• **YOUR ASSIGNMENT**: Please reproduce, exactly and in full, the lines running from the one that contains "theory Defs" to the end of the entries.

Collected data
(* For any $w, w' \in \mathcal{C}\langle A \rangle$ and $\bullet \in \{\ast, \mathrm{sh}\}$, \[ \iota(w \bullet_{\hbar} w')=\iota(w) \bullet \iota(w'), \] where $\bullet_\hbar$ denotes $\ast_\hbar$ if $\bullet=\ast$ and $\mathrm{sh}_\hbar$ if $\bullet=\mathrm{sh}$.
   Context: Let $\mathcal{C}=\mathbb{Q}[\hbar]$ ($\hbar$ formal), $\mathfrak{H}=\mathcal{C}\langle a,b\rangle$ the non-commutative polynomial ring. For $k\ge1$, $g_k=ba^k$. $A=\{\hbar b\}\cup\{ba^k\mid k\ge1\}$ (an algebraically independent set), $\mathcal{C}\langle A\rangle$ the $\mathcal{C}$-subalgebra generated by $1$ and $A$, $\mathfrak z$ the $\mathcal C$-span of $A$. Harmonic product: $\circ_\hbar$ symmetric $\mathcal C$-bilinear on $\mathfrak z$ with $(\hbar b)\circ_\hbar(\hbar b)=\hbar\cdot\hbar b$, $(\hbar b)\circ_\hbar g_k=\hbar g_k$, $g_k\circ_\hbar g_l=g_{k+l}$; $\ast_\hbar$ on $\mathcal{C}\langle A\rangle$: $w\ast_\hbar1=1\ast_\hbar w=w$, $(wu)\ast_\hbar(w'v)=(w\ast_\hbar w'v)u+(wu\ast_\hbar w')v+(w\ast_\hbar w')(u\circ_\hbar v)$ ($u,v\in A$). Shuffle product $\mathrm{sh}_\hbar$ on $\mathfrak H$: $\mathcal C$-bilinear with $w\,\mathrm{sh}_\hbar\,1=1\,\mathrm{sh}_\hbar\,w=w$, $wa\,\mathrm{sh}_\hbar\,w'a=(wa\,\mathrm{sh}_\hbar\,w'+w\,\mathrm{sh}_\hbar\,w'a+\hbar(w\,\mathrm{sh}_\hbar\,w'))a$, $wb\,\mathrm{sh}_\hbar\,w'=w\,\mathrm{sh}_\hbar\,w'b=(w\,\mathrm{sh}_\hbar\,w')b$; $\mathcal C\langle A\rangle$ is closed under it. Classical side: $\mathfrak h=\mathbb{Q}\langle x,y\rangle$, $z_k=yx^{k-1}$, $\mathfrak h^1=\mathbb Q+y\mathfrak h$ (the free algebra on $z_1,z_2,\dots$). Harmonic product $\ast$ on $\mathfrak h^1$: $w\ast1=1\ast w=w$, $(wz_k)\ast(w'z_l)=(w\ast w'z_l)z_k+(wz_k\ast w')z_l+(w\ast w')z_{k+l}$; shuffle product $\mathrm{sh}$ on $\mathfrak h$: $w\,\mathrm{sh}\,1=1\,\mathrm{sh}\,w=w$, $(wu)\,\mathrm{sh}\,(w'v)=(w\,\mathrm{sh}\,w'v)u+(wu\,\mathrm{sh}\,w')v$ ($u,v\in\{x,y\}$). $\iota:\mathcal C\langle A\rangle\to\mathfrak h^1$ is the unital $\mathbb Q$-algebra homomorphism (for concatenation) with $\iota(\hbar)=0$, $\iota(\hbar b)=0$ and $\iota(g_k)=z_k$ for $k\ge1$. *)

theory Defs
  imports "HOL-Computational_Algebra.Polynomial"
begin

• **WRITTEN ANSWER**:
theory Defs
  imports "HOL-Computational_Algebra.Polynomial"
begin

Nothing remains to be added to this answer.